It wasn't ahead of its time. By the time Unix was created, people were already
aware of the benefits of _structured_ data.

> _it automatically takes advance of multiprocessor systems, without having to
> rewrite the individual components to be multi-threaded._

That's orthogonal to the issue. The simple solution to Unix problems would be
to put a standard parser for JSON/SEXP/whatever into libc or OS libraries and
have people use it for stdin/stdout communication. This can still take
advantage of multiprocessor systems and whatnot, with an added benefit of
program authors not having to each write their own buggy parser anymore.

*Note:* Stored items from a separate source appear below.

lemma sum_diff_powers_products:
  "(\<Sum>i<n. \<Sum>j<n. (x i ^ a - x j ^ a) * (x i ^ b - x j ^ b)) =
     2 * (real n)\<^sup>2 * (psum n (a + b) x - psum n a x * psum n b x)"
proof -
  have "(x i ^ a - x j ^ a) * (x i ^ b - x j ^ b) =
      x i ^ (a + b) - x i ^ a * x j ^ b - x j ^ a * x i ^ b + x j ^ (a + b)" for i j
    by (simp add: algebra_simps power_add)
  then have "(\<Sum>i<n. \<Sum>j<n. (x i ^ a - x j ^ a) * (x i ^ b - x j ^ b)) =
      (\<Sum>i<n. \<Sum>j<n. x i ^ (a + b)) - (\<Sum>i<n. \<Sum>j<n. x i ^ a * x j ^ b)
      - (\<Sum>i<n. \<Sum>j<n. x j ^ a * x i ^ b) + (\<Sum>i<n. \<Sum>j<n. x j ^ (a + b))"
    by (simp only: sum.distrib sum_subtractf)
  also have "\<dots> = 2 * real n * (\<Sum>i<n. x i ^ (a + b)) - 2 * (\<Sum>i<n. x i ^ a) * (\<Sum>j<n. x j ^ b)"
    by (simp add: sum_product sum.swap[of "\<lambda>i j. x j ^ a * x i ^ b"] flip: sum_distrib_left)
  finally show ?thesis by (simp add: sum_power_eq_psum power2_eq_square algebra_simps)
qed

lemma sum_squares_diff_powers_combination:
  "(\<Sum>i<n. \<Sum>j<n. (\<Sum>a\<in>A. (x i ^ a - x j ^ a) * G a)\<^sup>2) =
     2 * (real n)\<^sup>2 * (\<Sum>a\<in>A. \<Sum>b\<in>A. G a * G b * (psum n (a + b) x - psum n a x * psum n b x))"
proof -
  have "(\<Sum>i<n. \<Sum>j<n. (\<Sum>a\<in>A. (x i ^ a - x j ^ a) * G a)\<^sup>2) =
      (\<Sum>i<n. \<Sum>j<n. \<Sum>a\<in>A. \<Sum>b\<in>A. G a * G b * ((x i ^ a - x j ^ a) * (x i ^ b - x j ^ b)))"
    by (simp add: power2_eq_square sum_product mult_ac)
  also have "\<dots> = (\<Sum>a\<in>A. \<Sum>b\<in>A. G a * G b * (\<Sum>i<n. \<Sum>j<n. (x i ^ a - x j ^ a) * (x i ^ b - x j ^ b)))"
    by (simp only: sum_distrib_left) (subst sum_rotate3, subst (2) sum_rotate3, rule refl)
  also have "\<dots> = 2 * (real n)\<^sup>2 * (\<Sum>a\<in>A. \<Sum>b\<in>A. G a * G b * (psum n (a + b) x - psum n a x * psum n b x))"
    by (simp add: sum_diff_powers_products sum_distrib_left mult_ac)
  finally show ?thesis .
qed

lemma sos_trace_Bmat_outer:
  "sos_of (Tmod n d) (\<lambda>x. trace_inner (Bidx d) (\<lambda>p q. w p * w q) (\<lambda>i j. Bmat n i j x))"
proof (cases "n = 0")
  case True
  then show ?thesis using sos_of_zero by (simp add: trace_inner_def Bmat_def psum_def)
next
  case False
  define G where "G a x = (\<Sum>\<mu>\<in>int_partitions (d - a). w (a, \<mu>) * pmu n \<mu> x)" for a x
  define c where "c = 1 / (sqrt 2 * real n)"
  have c: "c\<^sup>2 * (2 * (real n)\<^sup>2) = 1"
    using False by (simp add: c_def power2_eq_square real_sqrt_mult[symmetric])
  define h where "h i j x = c * (\<Sum>a\<in>{1..d}. (x i ^ a - x j ^ a) * G a x)" for i j x
  have "h i j \<in> Tmod n d" if "i < n" "j < n" for i j
  proof -
    have "(\<lambda>x. \<Sum>a\<in>{1..d}. \<Sum>\<mu>\<in>int_partitions (d - a). (c * w (a, \<mu>)) * ((x i ^ a - x j ^ a) * pmu n \<mu> x))
        \<in> Tmod n d"
      using that by (intro Tmod_sum Tmod.smult diff_powers_mult_in_Tmod finite_int_partitions)
        (auto intro: psum_span_subset_sym_forms[THEN subsetD] pmu_in_psum_span)
    moreover have "h i j = (\<lambda>x. \<Sum>a\<in>{1..d}. \<Sum>\<mu>\<in>int_partitions (d - a).
        (c * w (a, \<mu>)) * ((x i ^ a - x j ^ a) * pmu n \<mu> x))"
      by (simp add: h_def G_def sum_distrib_left mult_ac fun_eq_iff)
    ultimately show ?thesis by simp
  qed
  then have "sos_of (Tmod n d) (\<lambda>x. \<Sum>i<n. \<Sum>j<n. (h i j x)\<^sup>2)"
    by (intro sos_of_sum sos_of_square) auto
  moreover have "(\<Sum>i<n. \<Sum>j<n. (h i j x)\<^sup>2) =
      (\<Sum>a\<in>{1..d}. \<Sum>b\<in>{1..d}. G a x * G b x * (psum n (a + b) x - psum n a x * psum n b x))" for x
  proof -
    have "(\<Sum>i<n. \<Sum>j<n. (h i j x)\<^sup>2) = c\<^sup>2 * (\<Sum>i<n. \<Sum>j<n. (\<Sum>a\<in>{1..d}. (x i ^ a - x j ^ a) * G a x)\<^sup>2)"
      by (simp add: h_def power_mult_distrib flip: sum_distrib_left)
    also have "\<dots> = (c\<^sup>2 * (2 * (real n)\<^sup>2)) *
        (\<Sum>a\<in>{1..d}. \<Sum>b\<in>{1..d}. G a x * G b x * (psum n (a + b) x - psum n a x * psum n b x))"
      unfolding sum_squares_diff_powers_combination by (rule mult.assoc[symmetric])
    finally show ?thesis by (simp add: c)
  qed
  ultimately show ?thesis by (simp add: trace_inner_Bmat_outer G_def)
qed

lemma sos_trace_Amat_outer:
  "sos_of (Tmod n d) (\<lambda>x. trace_inner (int_partitions d) (\<lambda>p q. w p * w q) (\<lambda>i j. Amat n i j x))"
proof -
  have "(\<lambda>x. \<Sum>l\<in>int_partitions d. w l * pmu n l x) \<in> sym_forms n d"
    using psum_span_subset_sym_forms by (auto intro: psum_spanI)
  then have "(\<lambda>x. \<Sum>l\<in>int_partitions d. w l * pmu n l x) \<in> Tmod n d"
    by (intro Tmod.gen) (simp add: T_gens_def)
  then show ?thesis unfolding trace_inner_Amat_outer by (rule sos_of_square)
qed

lemma gram_repr_imp_sos_Tmod:
  assumes "gram_repr n d f"
  shows "sos_of (Tmod n d) f"
proof -
  obtain Q1 Q2 where Q1: "psd_on (int_partitions d) Q1" and Q2: "psd_on (Bidx d) Q2"
    and f: "f = (\<lambda>x. trace_inner (int_partitions d) Q1 (\<lambda>i j. Amat n i j x)
               + trace_inner (Bidx d) Q2 (\<lambda>i j. Bmat n i j x))"
    using assms unfolding gram_repr_def by blast
  obtain m1 :: nat and w1 where w1: "\<forall>i\<in>int_partitions d. \<forall>j\<in>int_partitions d.
      Q1 i j = (\<Sum>k<m1. w1 k i * w1 k j)"
    using psd_on_Gram[OF finite_int_partitions Q1] by blast
  obtain m2 :: nat and w2 where w2: "\<forall>i\<in>Bidx d. \<forall>j\<in>Bidx d. Q2 i j = (\<Sum>k<m2. w2 k i * w2 k j)"
    using psd_on_Gram[OF finite_Bidx Q2] by blast
  have "trace_inner (int_partitions d) Q1 M =
      (\<Sum>k<m1. trace_inner (int_partitions d) (\<lambda>p q. w1 k p * w1 k q) M)" for M
  proof -
    have "trace_inner (int_partitions d) Q1 M = trace_inner (int_partitions d) (\<lambda>p q. \<Sum>k<m1. w1 k p * w1 k q) M"
      using w1 by (intro trace_inner_cong_left) blast
    then show ?thesis by (simp only: trace_inner_sum_left)
  qed
  moreover have "trace_inner (Bidx d) Q2 M = (\<Sum>k<m2. trace_inner (Bidx d) (\<lambda>p q. w2 k p * w2 k q) M)" for M
  proof -
    have "trace_inner (Bidx d) Q2 M = trace_inner (Bidx d) (\<lambda>p q. \<Sum>k<m2. w2 k p * w2 k q) M"
      using w2 by (intro trace_inner_cong_left) blast
    then show ?thesis by (simp only: trace_inner_sum_left)
  qed
  moreover have "sos_of (Tmod n d) (\<lambda>x.
      (\<Sum>k<m1. trace_inner (int_partitions d) (\<lambda>p q. w1 k p * w1 k q) (\<lambda>i j. Amat n i j x)) +
      (\<Sum>k<m2. trace_inner (Bidx d) (\<lambda>p q. w2 k p * w2 k q) (\<lambda>i j. Bmat n i j x)))"
    by (intro sos_of_add sos_of_sum sos_trace_Amat_outer sos_trace_Bmat_outer finite_lessThan)
  ultimately show ?thesis by (simp add: f)
qed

> _but the benefit of having a standard universally-agreeable input and output
> format is the time it saves Unix operators who can quickly pipe programs
> together. That saves more total human time than gained from potential
> performance benefits._

I'd say it's exactly the opposite. Unstructured text is _not_ an universally-
agreeable format. In fact, it's non-agreeable, since anyone can output
anything however they like (and they do), and as a user you're forced to
transform data from one program into another via more ad-hoc parsers, usually
written in form of sed, awk or Perl invocations. You lose time doing that,
each of those parsing steps introduces vulnerabilities, and the whole thing
will eventually fall apart anyway because of million reasons that can fuck up
the output of Unix commands, including things like your system distribution
and your locale settings.

As an example of what I'm talking about, imagine that your "ls" invocation
would return a list of named rows in some structured format, instead of an
ASCII table. E.g.

    
    
      ((:columns :type :permissions :no-links :owner :group :size :modification-time :name)
       (:data
        (:directory 775 8 temporal temporal 4096 1488506415 ".git")
        (:file 664 1 temporal temporal 4 1488506415 ".gitignore")
          ...
        (:file 755 1 temporal temporal 69337136 1488506415 "hju")))
    

With such a format you could trivially issue commands like:

    
    
      ls | filter ':modification-time < 1 month ago' | cp --to '/home/otheruser/oldfiles/'
      find :name LIKE ".git%" | select (:name :permissions) | format-list > git_perms_audit.log
    

Hell, you could display the usual Unix "ls -la" table for the user trivially
too, but you wouldn't have to _parse it_ manually.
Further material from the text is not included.